### [TASK DATA]
(* Let $\mathcal G=(\mathcal V,\mathcal E)$ be a finite undirected graph with finite label sets $\mathcal X_v$ and costs $\theta$ (unary $\theta_u$, pairwise $\theta_{uv}$). Let $\mathcal A,\mathcal B$ be a partition of $\mathcal G$, and let $\mathcal A'$ be an induced subgraph of $\mathcal G$ such that $\mathcal B$ is boundary complement to $\mathcal A'$ with respect to $\mathcal G$, and suppose $\mathcal V_{\mathcal A}\subseteq\mathcal V_{\mathcal A'}\subseteq\mathrm{SAC}(\theta)$. Let $x'\in\arg\min_{x\in\mathcal X_{\mathcal V_{\mathcal A'}}}E_{\mathcal A'}(\theta,x)$ and $x''\in\arg\min_{x\in\mathcal X_{\mathcal V_{\mathcal B}}}E_{\mathcal B}(\theta,x)$. If $x'_v=x''_v$ for all $v\in\mathcal V_{\partial\mathcal A'}$, then, writing $x'_{\mathcal A}$ for the restriction of $x'$ to $\mathcal V_{\mathcal A}$: $x'_{\mathcal A}\in\arg\min_{x\in\mathcal X_{\mathcal V_{\mathcal A}}}E_{\mathcal A}(\theta,x)$, and for every edge $uv\in\mathcal E$ with $u\in\mathcal V_{\mathcal A}$, $v\in\mathcal V_{\mathcal B}$ it holds that $(x'_u,x''_v)\in\arg\min_{(s,t)\in\mathcal X_u\times\mathcal X_v}\theta_{uv}(s,t)$.
   Context: For $\mathcal V'\subseteq\mathcal V$, $\mathcal X_{\mathcal V'}=\prod_{v\in\mathcal V'}\mathcal X_v$. A subgraph induced by $\mathcal V'$ contains all edges of $\mathcal G$ between nodes of $\mathcal V'$; a partition $\mathcal A,\mathcal B$ of $\mathcal G$ consists of the subgraphs induced by two disjoint node sets covering $\mathcal V$. For a subgraph $\mathcal H$, $E_{\mathcal H}(\theta,x)=\sum_{u\in\mathcal V_{\mathcal H}}\theta_u(x_u)+\sum_{uv\in\mathcal E_{\mathcal H}}\theta_{uv}(x_u,x_v)$. For an induced subgraph $\mathcal A'$, $\mathcal V_{\partial\mathcal A'}=\{v\in\mathcal V_{\mathcal A'}\mid\exists uv\in\mathcal E: u\in\mathcal V\setminus\mathcal V_{\mathcal A'}\}$, and a subgraph is boundary complement to $\mathcal A'$ w.r.t. $\mathcal G$ if it is the subgraph induced by $(\mathcal V\setminus\mathcal V_{\mathcal A'})\cup\mathcal V_{\partial\mathcal A'}$. A node $u$ is strictly arc-consistent w.r.t. $\theta$ if there exist a label $x_u\in\mathcal X_u$ and labels $x_v\in\mathcal X_v$ for all neighbours $v$ of $u$ such that $\theta_u(x_u)<\theta_u(s)$ for all $s\ne x_u$ and $\theta_{uv}(x_u,x_v)<\theta_{uv}(s,t)$ for all $(s,t)\ne(x_u,x_v)$; $\mathrm{SAC}(\theta)$ denotes the set of strictly arc-consistent nodes. *)

theory Defs
  imports Complex_Main
begin

text \<open>The undirected edge set is represented by a set
  E of ordered pairs, each undirected edge uv being stored exactly once (in one orientation);
  the pairwise cost of the stored orientation is thp u v s t, and the cost seen from the other
  endpoint is obtained by transposition (theta_uv(s,t) = theta_vu(t,s)).\<close>

definition graph_wf :: "'v set \<Rightarrow> ('v \<times> 'v) set \<Rightarrow> bool" where
  "graph_wf V E \<longleftrightarrow> finite V \<and> E \<subseteq> V \<times> V \<and> (\<forall>u. (u,u) \<notin> E)
     \<and> (\<forall>u v. (u,v) \<in> E \<longrightarrow> (v,u) \<notin> E)"

definition adj :: "('v \<times> 'v) set \<Rightarrow> 'v \<Rightarrow> 'v \<Rightarrow> bool" where
  "adj E u v \<longleftrightarrow> (u,v) \<in> E \<or> (v,u) \<in> E"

### [ACTIVITY]
Copy out the records once more, with nothing altered.

### [TASK RESULT]
(* Let $\mathcal G=(\mathcal V,\mathcal E)$ be a finite undirected graph with finite label sets $\mathcal X_v$ and costs $\theta$ (unary $\theta_u$, pairwise $\theta_{uv}$). Let $\mathcal A,\mathcal B$ be a partition of $\mathcal G$, and let $\mathcal A'$ be an induced subgraph of $\mathcal G$ such that $\mathcal B$ is boundary complement to $\mathcal A'$ with respect to $\mathcal G$, and suppose $\mathcal V_{\mathcal A}\subseteq\mathcal V_{\mathcal A'}\subseteq\mathrm{SAC}(\theta)$. Let $x'\in\arg\min_{x\in\mathcal X_{\mathcal V_{\mathcal A'}}}E_{\mathcal A'}(\theta,x)$ and $x''\in\arg\min_{x\in\mathcal X_{\mathcal V_{\mathcal B}}}E_{\mathcal B}(\theta,x)$. If $x'_v=x''_v$ for all $v\in\mathcal V_{\partial\mathcal A'}$, then, writing $x'_{\mathcal A}$ for the restriction of $x'$ to $\mathcal V_{\mathcal A}$: $x'_{\mathcal A}\in\arg\min_{x\in\mathcal X_{\mathcal V_{\mathcal A}}}E_{\mathcal A}(\theta,x)$, and for every edge $uv\in\mathcal E$ with $u\in\mathcal V_{\mathcal A}$, $v\in\mathcal V_{\mathcal B}$ it holds that $(x'_u,x''_v)\in\arg\min_{(s,t)\in\mathcal X_u\times\mathcal X_v}\theta_{uv}(s,t)$.
   Context: For $\mathcal V'\subseteq\mathcal V$, $\mathcal X_{\mathcal V'}=\prod_{v\in\mathcal V'}\mathcal X_v$. A subgraph induced by $\mathcal V'$ contains all edges of $\mathcal G$ between nodes of $\mathcal V'$; a partition $\mathcal A,\mathcal B$ of $\mathcal G$ consists of the subgraphs induced by two disjoint node sets covering $\mathcal V$. For a subgraph $\mathcal H$, $E_{\mathcal H}(\theta,x)=\sum_{u\in\mathcal V_{\mathcal H}}\theta_u(x_u)+\sum_{uv\in\mathcal E_{\mathcal H}}\theta_{uv}(x_u,x_v)$. For an induced subgraph $\mathcal A'$, $\mathcal V_{\partial\mathcal A'}=\{v\in\mathcal V_{\mathcal A'}\mid\exists uv\in\mathcal E: u\in\mathcal V\setminus\mathcal V_{\mathcal A'}\}$, and a subgraph is boundary complement to $\mathcal A'$ w.r.t. $\mathcal G$ if it is the subgraph induced by $(\mathcal V\setminus\mathcal V_{\mathcal A'})\cup\mathcal V_{\partial\mathcal A'}$. A node $u$ is strictly arc-consistent w.r.t. $\theta$ if there exist a label $x_u\in\mathcal X_u$ and labels $x_v\in\mathcal X_v$ for all neighbours $v$ of $u$ such that $\theta_u(x_u)<\theta_u(s)$ for all $s\ne x_u$ and $\theta_{uv}(x_u,x_v)<\theta_{uv}(s,t)$ for all $(s,t)\ne(x_u,x_v)$; $\mathrm{SAC}(\theta)$ denotes the set of strictly arc-consistent nodes. *)

theory Defs
  imports Complex_Main
begin

text \<open>The undirected edge set is represented by a set
  E of ordered pairs, each undirected edge uv being stored exactly once (in one orientation);
  the pairwise cost of the stored orientation is thp u v s t, and the cost seen from the other
  endpoint is obtained by transposition (theta_uv(s,t) = theta_vu(t,s)).\<close>

definition graph_wf :: "'v set \<Rightarrow> ('v \<times> 'v) set \<Rightarrow> bool" where
  "graph_wf V E \<longleftrightarrow> finite V \<and> E \<subseteq> V \<times> V \<and> (\<forall>u. (u,u) \<notin> E)
     \<and> (\<forall>u v. (u,v) \<in> E \<longrightarrow> (v,u) \<notin> E)"

definition adj :: "('v \<times> 'v) set \<Rightarrow> 'v \<Rightarrow> 'v \<Rightarrow> bool" where
  "adj E u v \<longleftrightarrow> (u,v) \<in> E \<or> (v,u) \<in> E"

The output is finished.